The separated parts of the frieze in London and Athens, we are now told in a phrase dreamed up by some PR guru or spin doctor, tell 'different but complementary stories.' And in support of this new narrative we see attempts to downplay classical Hellas. Who would have guessed that the main labels in the Parthenon gallery would now refer to Persia? Including the Cyrus cylinder that is being paraded both on this label and round the world's museums as a 'declaration of human rights'.
What we are seeing here is a new danger in addition to the others mentioned so far, a kind of cultural relativism allied with a commercial consumerism. Essentially the thought seems to be 'tell the punters what they want to hear', a modern form of myth-making as damaging as the nationalism of Melina Mercouri.
And, since UNESCO are here, this may be the moment to make a wider point. The Venice Charter, now half a century old, has provided a framework for an intergenerational ethics on the conservation of sites and monuments, essentially that it is wrong to alter the built heritage to serve the ideological aims of the present. What we lack, and increasingly need, is a code of ethics that subjects the stories that are officially invented and presented to make the mute stones speak to a similar set of ethical limitations.
So how should the claim now be presented? As it happens we now have the documents for the first claim for return made in 1835 immediately after independence.
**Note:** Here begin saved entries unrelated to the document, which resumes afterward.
lemma vcell_interpolate:
  assumes "finite S" "A \<subset> B" "B \<subseteq> S" "vcell S A \<noteq> {}" "vcell S B \<noteq> {}"
  shows "\<exists>z\<in>B - A. vcell S (insert z A) \<noteq> {}"
proof -
  obtain qa qb where qa: "qa \<in> vcell S A" and qb: "qb \<in> vcell S B"
    using assms(4,5) by blast
  define q where "q t = (1 - t) *\<^sub>R qa + t *\<^sub>R qb" for t :: real
  define E1 where "E1 = q -` vcell B A"
  define E2 where "E2 = q -` (\<Union>x\<in>A. \<Union>y\<in>B - A. hplane y x)"
  have "finite B"
    using assms(1,3) by (rule finite_subset[rotated])
  then have fin: "finite A" "finite (B - A)" "B - A \<noteq> {}"
    using assms(2) by (auto intro: finite_subset)
  have cont: "continuous (at t) q" for t
    unfolding q_def by (intro continuous_intros)
  have "closed E1"
    unfolding E1_def by (intro continuous_closed_vimage closed_vcell cont)
  have "closed E2"
    unfolding E2_def by (intro continuous_closed_vimage closed_UN closed_hplane cont fin ballI)
  have outer: "\<forall>x\<in>A. \<forall>y\<in>S - B. q t \<in> hplane x y" if "0 \<le> t" "t \<le> 1" for t
  proof -
    define W where "W = (\<Inter>x\<in>A. \<Inter>y\<in>S - B. hplane x y)"
    have "convex W"
      unfolding W_def by (intro convex_INT convex_hplane)
    moreover have "qa \<in> W"
      using qa assms(2) unfolding W_def vcell_def by blast
    moreover have "qb \<in> W"
      using qb assms(2) unfolding W_def vcell_def by (auto simp del: Diff_iff)
    ultimately have "q t \<in> W"
      unfolding q_def using that by (intro convexD) auto
    then show ?thesis unfolding W_def by blast
  qed
  have found: "\<exists>z\<in>B - A. vcell S (insert z A) \<noteq> {}"
    if "t \<in> E1" "t \<in> E2 \<or> t = 1" "0 \<le> t" "t \<le> 1" for t
  proof -
    define z where "z = arg_min_on (\<lambda>y. dist y (q t)) (B - A)"
    have z: "z \<in> B - A" "\<forall>y\<in>B - A. dist z (q t) \<le> dist y (q t)"
      unfolding z_def using arg_min_if_finite(1) arg_min_least fin by metis+
    have "q 1 = qb" by (simp add: q_def)
    then have "q t \<in> vcell S (insert z A)"
      using that qb assms(2)
      by (intro vcell_insert_nearest[OF _ z outer]) (auto simp: E1_def E2_def less_imp_le)
    then show ?thesis using z(1) by blast
  qed
  show ?thesis
  proof (cases "1 \<in> E1")
    case True
    then show ?thesis by (rule found) auto
  next
    case False
    have cover: "{0..1} \<subseteq> E1 \<union> E2"
      unfolding E1_def E2_def vcell_def hplane_def by (force simp: not_le intro: less_imp_le)
    have "q 0 = qa" by (simp add: q_def)
    then have "0 \<in> E1"
      using qa assms(2,3) unfolding E1_def vcell_def by auto
    moreover have "1 \<in> E2"
      using False cover by (meson Un_iff atLeastAtMost_iff order_refl zero_le_one subsetD)
    ultimately have "E1 \<inter> {0..1} \<noteq> {}" "E2 \<inter> {0..1} \<noteq> {}"
      by auto
    then obtain t where "t \<in> E1" "t \<in> E2" "t \<in> {0..1}"
      using connected_closedD[OF connected_Icc _ cover \<open>closed E1\<close> \<open>closed E2\<close>] by blast
    then show ?thesis by (intro found[of t]) auto
  qed
qed

lemma chain_subset_if_card_le:
  assumes "is_chain_in P C" "X \<in> C" "Y \<in> C" "finite X" "card X \<le> card Y"
  shows "X \<subseteq> Y"
proof (rule ccontr)
  assume "\<not> X \<subseteq> Y"
  then have "Y \<subset> X" using assms(1-3) unfolding is_chain_in_def by blast
  then have "card Y < card X" using assms(4) by (rule psubset_card_mono[rotated])
  with assms(5) show False by simp
qed

lemma inj_on_card_chain:
  assumes "is_chain_in P C" "\<forall>X\<in>C. finite X"
  shows "inj_on card C"
proof (rule inj_onI)
  fix X Y assume "X \<in> C" "Y \<in> C" "card X = card Y"
  then show "X = Y"
    using chain_subset_if_card_le[OF assms(1)] assms(2) by (simp add: subset_antisym)
qed

lemma maximal_chain_insert:
  assumes "is_maximal_chain_in P C" "Y \<in> P" "\<forall>D\<in>C. D \<subseteq> Y \<or> Y \<subseteq> D"
  shows "Y \<in> C"
proof -
  have "is_chain_in P (insert Y C)"
    using assms unfolding is_maximal_chain_in_def is_chain_in_def by blast
  then have "insert Y C = C"
    using assms(1) unfolding is_maximal_chain_in_def by blast
  then show ?thesis by blast
qed

text \<open>Induction on the size k: the one-point extension of the chain's k-element member inside the
  next larger member is comparable with the whole chain, so maximality puts it into the chain.\<close>
lemma maximal_chain_card_if_saturated:
  assumes "finite U" "P \<subseteq> Pow U" "{} \<in> P" "U \<in> P"
    and saturated: "\<And>A B. A \<in> P \<Longrightarrow> B \<in> P \<Longrightarrow> A \<subset> B \<Longrightarrow> \<exists>z\<in>B - A. insert z A \<in> P"
    and maximal: "is_maximal_chain_in P C"
  shows "card C = Suc (card U)"
proof -
  have chain: "is_chain_in P C"
    using maximal unfolding is_maximal_chain_in_def by blast
  then have sub: "X \<subseteq> U" if "X \<in> C" for X
    using that assms(2) unfolding is_chain_in_def by blast
  have fin: "finite X" if "X \<in> C" for X
    using sub[OF that] assms(1) by (rule finite_subset)
  have "finite C"
    using sub assms(1) by (intro finite_subset[of C "Pow U"]) auto
  have "U \<in> C"
    using sub by (intro maximal_chain_insert[OF maximal assms(4)]) blast
  have level: "\<exists>X\<in>C. card X = k" if "k \<le> card U" for k
    using that
  proof (induction k)
    case 0
    have "{} \<in> C" by (intro maximal_chain_insert[OF maximal assms(3)]) blast
    then show ?case using card.empty by blast
  next
    case (Suc k)
    then obtain X where X: "X \<in> C" "card X = k" by auto
    define above where "above = {Y \<in> C. X \<subset> Y}"
    have "U \<in> above"
      using X Suc.prems sub \<open>U \<in> C\<close> unfolding above_def by auto
    then have "finite above" "above \<noteq> {}"
      using \<open>finite C\<close> unfolding above_def by auto
    define Y where "Y = arg_min_on card above"
    have "Y \<in> above"
      unfolding Y_def using \<open>finite above\<close> \<open>above \<noteq> {}\<close> by (rule arg_min_if_finite(1))
    then have Y: "Y \<in> C" "X \<subset> Y"
      unfolding above_def by auto
    have Y_least: "card Y \<le> card D" if "D \<in> above" for D
      unfolding Y_def using \<open>finite above\<close> \<open>above \<noteq> {}\<close> that by (rule arg_min_least)
    obtain z where z: "z \<in> Y - X" "insert z X \<in> P"
      using saturated[of X Y] X(1) Y chain unfolding is_chain_in_def by blast
    have "D \<subseteq> insert z X \<or> insert z X \<subseteq> D" if "D \<in> C" for D
    proof (cases "card D \<le> card X")
      case True
      then show ?thesis using chain_subset_if_card_le[OF chain that X(1)] fin that by blast
    next
      case False
      then have "X \<subseteq> D" "X \<noteq> D"
        using chain_subset_if_card_le[OF chain X(1) that fin[OF X(1)]] by auto
      then have "card Y \<le> card D" using Y_least that unfolding above_def by auto
      then have "Y \<subseteq> D" using chain_subset_if_card_le[OF chain Y(1) that] fin Y(1) by blast
      then show ?thesis using z(1) Y(2) by blast
    qed
    then have "insert z X \<in> C" by (intro maximal_chain_insert[OF maximal z(2)]) blast
    moreover have "card (insert z X) = Suc k"
      using X z(1) fin by simp
    ultimately show ?case by blast
  qed
  have levels: "card ` C = {0..card U}"
  proof
    show "card ` C \<subseteq> {0..card U}"
      using sub card_mono[OF assms(1)] by auto
    show "{0..card U} \<subseteq> card ` C"
    proof
      fix k assume "k \<in> {0..card U}"
      then obtain X where "X \<in> C" "card X = k" using level by auto
      then show "k \<in> card ` C" by blast
    qed
  qed
  have "inj_on card C"
    using inj_on_card_chain[OF chain] fin by blast
  then have "card C = card (card ` C)"
    by (rule card_image[symmetric])
  then show ?thesis
    unfolding levels by simp
qed

lemma graded_poset_if_saturated:
  assumes "finite U" "P \<subseteq> Pow U" "{} \<in> P" "U \<in> P"
    and "\<And>A B. A \<in> P \<Longrightarrow> B \<in> P \<Longrightarrow> A \<subset> B \<Longrightarrow> \<exists>z\<in>B - A. insert z A \<in> P"
  shows "graded_poset P"
  unfolding graded_poset_def
proof (intro conjI allI impI)
  show "\<exists>m\<in>P. \<forall>x\<in>P. m \<subseteq> x" using assms(3) by blast
  show "\<exists>M\<in>P. \<forall>x\<in>P. x \<subseteq> M" using assms(2,4) by blast
  fix C D assume "is_maximal_chain_in P C \<and> is_maximal_chain_in P D"
  then show "card C = card D" using maximal_chain_card_if_saturated[OF assms] by simp
qed

lemma voronoi_poset_saturated:
  assumes inj: "inj_on p {1..n}"
    and A: "A \<in> voronoi_poset n p" and B: "B \<in> voronoi_poset n p" and "A \<subset> B"
  shows "\<exists>z\<in>B - A. insert z A \<in> voronoi_poset n p"
proof -
  have sub: "A \<subseteq> {1..n}" "B \<subseteq> {1..n}"
    using A B unfolding voronoi_poset_def by blast+
  have "p ` A \<noteq> p ` B"
    using inj_on_image_eq_iff[OF inj sub] \<open>A \<subset> B\<close> by simp
  then have "p ` A \<subset> p ` B"
    using \<open>A \<subset> B\<close> by blast
  moreover have "vcell (p ` {1..n}) (p ` A) \<noteq> {}" "vcell (p ` {1..n}) (p ` B) \<noteq> {}"
    using A B unfolding voronoi_poset_def by blast+
  ultimately obtain w where w: "w \<in> p ` B - p ` A" "vcell (p ` {1..n}) (insert w (p ` A)) \<noteq> {}"
    using vcell_interpolate[OF finite_imageI[OF finite_atLeastAtMost] _ image_mono[OF sub(2)]]
    by meson
  then obtain z where z: "z \<in> B - A" "w = p z"
    by blast
  have "insert z A \<subseteq> {1..n}"
    using z(1) sub by blast
  moreover have "p ` insert z A = insert w (p ` A)"
    using z(2) by simp
  ultimately have "insert z A \<in> voronoi_poset n p"
    using w(2) unfolding voronoi_poset_def by simp
  with z(1) show ?thesis by blast
qed

theorem mainTheorem2:
  fixes n :: nat and p :: "nat \<Rightarrow> real^2"
  assumes "n \<ge> 3"
    and "inj_on p {1..n}"
    and "general_position (p ` {1..n})"
  shows "graded_poset (voronoi_poset n p)"
proof (rule graded_poset_if_saturated)
  show "finite {1..n}" by simp
  show "voronoi_poset n p \<subseteq> Pow {1..n}" unfolding voronoi_poset_def by blast
  show "{} \<in> voronoi_poset n p" "{1..n} \<in> voronoi_poset n p"
    unfolding voronoi_poset_def by simp_all
  show "\<exists>z\<in>B - A. insert z A \<in> voronoi_poset n p"
    if "A \<in> voronoi_poset n p" "B \<in> voronoi_poset n p" "A \<subset> B" for A B
    using voronoi_poset_saturated[OF assms(2) that] .
qed

end
lemma antecedent_formula_simps [simp]:
  "antecedent_formula (Prod X)" "antecedent_formula (Plus Y1 Y2)"
  "antecedent_formula (Bang A) \<longleftrightarrow> horn_impl A"
  "antecedent_formula (Imp X Y) \<longleftrightarrow> horn_impl (Imp X Y)"
  "antecedent_formula (ImpPlus X Y1 Y2) \<longleftrightarrow> horn_impl (ImpPlus X Y1 Y2)"
  by (auto simp: antecedent_formula_def horn_impl_def)

lemma ll_imp_hll_choices:
  "ll S Z \<Longrightarrow> \<forall>A\<in>#S. antecedent_formula A \<Longrightarrow> hll_choices S Z"
proof (induction rule: ll.induct)
  case LImp
  then show ?case by (intro hll_choices_LImp) auto
next
  case LImpPlus
  then show ?case by (intro hll_choices_LImpPlus) auto
next
  case (LBang A \<Sigma> Z)
  then have "horn_impl A" by simp
  with LBang show ?case by (simp add: hll_choices_LBang antecedent_formula_def)
qed (auto intro: hll_choices_I hll_choices_LTens hll_choices_RTens hll_choices_LPlus
    hll_choices_WBang hll_choices_CBang)

theorem theorem1:
  assumes "horn_sequent W \<Gamma> \<Delta> Z"
    and "ll (add_mset (Prod W) (\<Gamma> + image_mset Bang \<Delta>)) Z"
  shows "hll W \<Gamma> \<Delta> Z"
proof -
  let ?S = "add_mset (Prod W) (\<Gamma> + image_mset Bang \<Delta>)"
  have \<Gamma>: "\<forall>A\<in>#\<Gamma>. horn_impl A" and \<Delta>: "\<forall>A\<in>#\<Delta>. horn_impl A"
    using assms(1) by (auto simp: horn_sequent_def)
  then have "\<forall>A\<in>#?S. antecedent_formula A"
    by (auto simp: antecedent_formula_def)
  with assms(2) have "hll_choices ?S Z"
    by (rule ll_imp_hll_choices)
  moreover have "rel_mset plus_choice ?S ?S"
    using \<Gamma> by (intro multiset.rel_refl_strong) (auto simp: plus_choice_horn_impl)
  ultimately have "hll (tensor_part ?S) (impl_part ?S) (bang_part ?S) Z"
    by (rule hll_choicesD)
  then show ?thesis
    by (simp add: parts_of_horn_impls[OF \<Gamma>] parts_of_bangs)
qed

end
It is notable that the claim, for the Nike temple friezes, was presented in terms of what was best for the monument, for an anastelosis.
In my view that is how the claim should now be presented in the re-launch. What is best for the monument, for viewers, and for the scholarly world, and for the visitor experience, categories that coincide and reinforce one another. And by the monument here I mean the whole Acropolis.
In support of the claim I would recommend preparing a clear statement, that is forward looking and drafted to show that the claim is intended to meet the needs and opportunities of today and the future. It should celebrate the achievement of classical Hellas and Athens in particular, emphasising its historical uniqueness. Although Hellas was influenced by its neighbours, and influenced them, as nobody doubts, it is historically misleading, as well as consumerist, to imply that it was just one civilization among many.
In Athens for the relaunch I would recommend a studied attempt to avoid condescending to visitors, as is already well under way in the excellent labels here. The public deserve the best. And they are interested in the ideas not just the stones, and in the most up to date knowledge. They would, in my view, prefer to be told that Athens was one of - at the last count - forty four Hellenic cities that had forms of democratic institutions and was not the first- than that it was 'the cradle of democracy.' And the Acropolis Museum can develop further its modern information technology to present alternatives and imagined reconstructions as is already happening
These are not guidance of the 'some say this, some say that' type that, as we see elsewhere, open the way both to old myth-making and to modern cultural relativism and consumerism. They are dynamic attempts to enable visitors to comprehend alternatives where there is room for genuine debate within the traditions of science and evidence-based humanities that our predecessors revived from ancient Hellas. One of the main roles of the ancient Acropolis was to serve as an education in stone, a paideia, for citizens and visitors. You have the opportunity to set out an updated vision of that ideal in the relaunch documents and, as the pieces are returned, to make it ever more real.